RESULTS: Lung PBV was correlated with mean pulmonary arterial pressure (rs = 0.47, P < 0.001). Pulmonary artery enhancement was correlated with cardiac index (rs = -0.49, P < 0.001) and pulmonary vascular resistance (rs = 0.48, P < 0.001). The areas under the curves were 0.86 for lung PBV to predict mean pulmonary arterial pressure of >50 mm Hg and 0.86 for PA enhancement to predict pulmonary vascular resistance of >1000 dyne·s/cm.
CONCLUSIONS: Lung PBV and PA enhancement could be indicators of hemodynamics.

Chronic thromboembolic pulmonary hypertension (CTEPH) is a specific type of pulmonary hypertension (PH) caused by obstructive vascular remodeling, which lead to increase pulmonary artery (PA) pressure and right heart failure.[1,2] The development of CTEPH has been suggested to be associated with acute pulmonary embolism.[1-3] The incidence of CTEPH within 2 years after acute symptomatic pulmonary embolism has been reported to range from 0.1% to 9.1%.[3]

Chronic thromboembolic pulmonary hypertension is defined as the presence of multiple chronic organized occlusive thromboembolisms in the pulmonary arteries, which accompany PH with a mean pulmonary arterial pressure (mPAP) of 25 mm Hg or more and a pulmonary arterial wedge pressure of 15 mm Hg or less.[1,2] Diagnosis of CTEPH is confirmed by pulmonary arteriography or contrast-enhanced computed tomography (CT) based on the findings of mismatched lung perfusion using pulmonary ventilation/perfusion scintigraphy.[1,2]

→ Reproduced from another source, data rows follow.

lemma prod_one_minus_X_power_expand:
  assumes "finite I"
  shows "(\<Prod>i\<in>I. 1 - fps_X ^ a i :: 'a::comm_ring_1 fps)
       = (\<Sum>S\<in>Pow I. (-1)^card S * fps_X ^ (\<Sum>i\<in>S. a i))"
proof -
  have "(\<Prod>i\<in>I. 1 - fps_X ^ a i :: 'a fps) = (\<Prod>i\<in>I. - (fps_X ^ a i) + 1)" by simp
  also have "\<dots> = (\<Sum>S\<in>Pow I. (\<Prod>i\<in>S. - (fps_X ^ a i)) * (\<Prod>i\<in>I - S. 1))"
    by (rule prod_add[OF assms])
  also have "\<dots> = (\<Sum>S\<in>Pow I. (-1)^card S * fps_X ^ (\<Sum>i\<in>S. a i))"
  proof (intro sum.cong refl)
    fix S assume "S \<in> Pow I"
    have "(\<Prod>i\<in>S. - (fps_X ^ a i)) = (\<Prod>i\<in>S. (-1) * fps_X ^ a i :: 'a fps)" by simp
    also have "\<dots> = (-1)^card S * fps_X ^ (\<Sum>i\<in>S. a i)"
      by (simp only: prod.distrib prod_constant power_sum)
    finally show "(\<Prod>i\<in>S. - (fps_X ^ a i)) * (\<Prod>i\<in>I - S. 1)
        = (-1)^card S * (fps_X ^ (\<Sum>i\<in>S. a i) :: 'a fps)" by simp
  qed
  finally show ?thesis .
qed

lemma coeff_prod_one_minus_X_power_mult:
  assumes "finite I"
  shows "((\<Prod>i\<in>I. 1 - fps_X ^ a i) * G :: 'a::comm_ring_1 fps) $ e
       = (\<Sum>S\<in>Pow I. (-1)^card S * (if (\<Sum>i\<in>S. a i) \<le> e then G $ (e - (\<Sum>i\<in>S. a i)) else 0))"
proof -
  have neg_one_power_nth: "((-1) ^ c * F :: 'a fps) $ m = (-1) ^ c * F $ m" for c m F
    by (induction c) auto
  show ?thesis
    unfolding prod_one_minus_X_power_expand[OF assms] sum_distrib_right mult.assoc
    by (simp add: fps_sum_nth neg_one_power_nth fps_X_power_mult_nth)
      (rule sum.cong[OF refl], simp add: not_less)
qed

lemma coeff_quotient_below:
  fixes f :: "'a::field fps"
  assumes "finite I" "finite I'" "\<And>i. i \<in> I' \<Longrightarrow> B i > 0" "e < n"
    and "f = (1 - fps_X ^ n) * (\<Prod>i\<in>I. 1 - fps_X ^ a i) / (\<Prod>i\<in>I'. 1 - fps_X ^ B i)"
  shows "f $ e = (\<Sum>S\<in>Pow I. (-1)^card S *
             (if (\<Sum>i\<in>S. a i) \<le> e then (\<Prod>i\<in>I'. fps_multiples (B i)) $ (e - (\<Sum>i\<in>S. a i)) else 0))"
proof -
  let ?Q = "\<Prod>i\<in>I'. 1 - fps_X ^ B i :: 'a fps"
  let ?H = "\<Prod>i\<in>I'. fps_multiples (B i) :: 'a fps"
  let ?G = "(\<Prod>i\<in>I. 1 - fps_X ^ a i) * ?H"
  have QH: "?Q * ?H = 1" using assms(2,3) by (rule fps_prod_one_minus_X_power_times_multiples)
  then have "?Q $ 0 \<noteq> 0" by (metis fps_mult_nth_0 fps_one_nth mult_zero_left one_neq_zero)
  then have "f = (1 - fps_X ^ n) * (\<Prod>i\<in>I. 1 - fps_X ^ a i) * inverse ?Q"
    using assms(5) by (simp add: fps_divide_unit)
  also have "inverse ?Q = ?H" using QH by (rule fps_inverse_unique)
  finally have "f = ?G - fps_X ^ n * ?G" by (simp add: algebra_simps)
  then have "f $ e = ?G $ e" using assms(4) by (simp add: fps_X_power_mult_nth)
  then show ?thesis by (simp add: coeff_prod_one_minus_X_power_mult[OF assms(1)])
qed

lemma sum_cong_single_term:
  fixes c :: "'a \<Rightarrow> nat"
  assumes "finite A" "\<And>j. j \<in> A \<Longrightarrow> j \<noteq> i \<Longrightarrow> m dvd c j"
  shows "[(\<Sum>j\<in>A. c j) = (if i \<in> A then c i else 0)] (mod m)"
proof -
  have "(\<Sum>j\<in>A. c j) = (if i \<in> A then c i else 0) + (\<Sum>j\<in>A - {i}. c j)"
    using assms(1) by (cases "i \<in> A") (simp_all add: sum.remove)
  moreover have "m dvd (\<Sum>j\<in>A - {i}. c j)" using assms(2) by (intro dvd_sum) auto
  ultimately show ?thesis by (simp add: cong_def mod_add_right_eq[symmetric])
qed

lemma size_eq_sum_count:
  assumes "finite A" "set_mset X \<subseteq> A"
  shows "size X = (\<Sum>x\<in>A. count X x)"
proof -
  have "size X = (\<Sum>x\<in>set_mset X. count X x)" by (simp add: size_multiset_overloaded_eq)
  also have "\<dots> = (\<Sum>x\<in>A. count X x)"
    using assms by (intro sum.mono_neutral_left) (auto simp: not_in_iff)
  finally show ?thesis .
qed

text \<open>Counting representations \<open>t = \<Sum>\<^sub>i c\<^sub>i\<close> with \<open>B\<^sub>i dvd c\<^sub>i\<close> over the index set
  \<open>insert i\<^sub>1 I\<close>, in the situation of the cofactors \<open>B\<^sub>i = n / p\<^sub>i\<close> of pairwise coprime
  moduli.  For \<open>t < n\<close> each \<open>c\<^sub>i\<close> with \<open>i \<in> I\<close> is forced modulo \<open>p\<^sub>i\<close>, hence equal to
  \<open>((t v\<^sub>i) mod p\<^sub>i) B\<^sub>i\<close> where \<open>v\<^sub>i\<close> inverts \<open>B\<^sub>i\<close> modulo \<open>p\<^sub>i\<close>; the remaining part
  \<open>c\<^sub>i\<^sub>1\<close> is then automatically divisible by \<open>B\<^sub>i\<^sub>1\<close>.  So there is exactly one
  representation or none, according to a threshold condition.\<close>

context
  fixes p B v :: "'a \<Rightarrow> nat" and I :: "'a set" and i1 :: 'a and n :: nat
  assumes fin_I: "finite I" and i1_notin: "i1 \<notin> I"
    and n_eq: "\<And>i. i \<in> I \<Longrightarrow> n = p i * B i"
    and p_dvd_B: "\<And>i j. i \<in> I \<Longrightarrow> j \<in> insert i1 I \<Longrightarrow> j \<noteq> i \<Longrightarrow> p i dvd B j"
    and B_inverse: "\<And>i. i \<in> I \<Longrightarrow> [B i * v i = 1] (mod p i)"
    and p_pos: "\<And>i. i \<in> I \<Longrightarrow> p i > 0"
    and B_i1_dvd: "\<And>D. (\<And>i. i \<in> I \<Longrightarrow> p i dvd D) \<Longrightarrow> B i1 dvd D"
begin

lemma residue_times_cofactor_cong:
  assumes "i \<in> I"
  shows "[(t * v i) mod p i * B i = t] (mod p i)"
proof -
  have "[(t * v i) mod p i * B i = t * v i * B i] (mod p i)"
    by (intro cong_mult) (simp_all add: cong_def)
  also have "t * v i * B i = t * (B i * v i)" by (simp add: ac_simps)
  also have "[t * (B i * v i) = t * 1] (mod p i)"
    using assms B_inverse by (intro cong_mult cong_refl) auto
  finally show ?thesis by simp
qed

lemma cofactor_sum_cong:
  assumes "i \<in> I" "i \<in> A" "A \<subseteq> insert i1 I" "\<And>j. j \<in> A \<Longrightarrow> B j dvd c j"
  shows "[(\<Sum>j\<in>A. c j) = c i] (mod p i)"
proof -
  have "[(\<Sum>j\<in>A. c j) = (if i \<in> A then c i else 0)] (mod p i)"
  proof (rule sum_cong_single_term)
    show "finite A" using assms(3) fin_I finite_subset by auto
    fix j assume "j \<in> A" "j \<noteq> i"
    then have "p i dvd B j" using p_dvd_B[OF assms(1)] assms(3) by auto
    then show "p i dvd c j" using assms(4) \<open>j \<in> A\<close> dvd_trans by blast
  qed
  then show ?thesis using assms(2) by simp
qed

lemma forced_remainder_dvd:
  assumes "(\<Sum>i\<in>I. (t * v i) mod p i * B i) \<le> t"
  shows "B i1 dvd t - (\<Sum>i\<in>I. (t * v i) mod p i * B i)"
proof (rule B_i1_dvd)
  fix i assume i: "i \<in> I"
  have "[(\<Sum>j\<in>I. (t * v j) mod p j * B j) = (t * v i) mod p i * B i] (mod p i)"
    by (rule cofactor_sum_cong[OF i i subset_insertI]) simp
  then have "[t = (\<Sum>j\<in>I. (t * v j) mod p j * B j)] (mod p i)"
    using residue_times_cofactor_cong[OF i] by (metis cong_sym cong_trans)
  then show "p i dvd t - (\<Sum>i\<in>I. (t * v i) mod p i * B i)" using assms by (simp add: cong_altdef_nat)
qed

The contrast-enhanced CT findings of CTEPH in the PA are a complete obstruction or partial filling defects such as vessel narrowing, intimal irregularities, and bands and webs caused by chronic organized blood clots.[2,4,5] In addition, the dilatation of the main PA diameter is known to be associated with PH.[6-10] The diameter ratio of the main PA to the ascending aorta (rPA) measured on a CT image is widely used as a noninvasive diagnostic method for PH.[8-10] The rPA is also known to correlate with the mPAP.[8,10] Recently, dual-energy computed tomography (DE-CT) has enabled us to analyze lung perfused blood volume (lung PBV) and is able to generate an iodine map image similar to that obtained by pulmonary perfusion scintigraphy. Its diagnostic utility for the evaluation of pulmonary perfusion in CTEPH has been reported to be equivalent to pulmonary perfusion scintigraphy.[11-13]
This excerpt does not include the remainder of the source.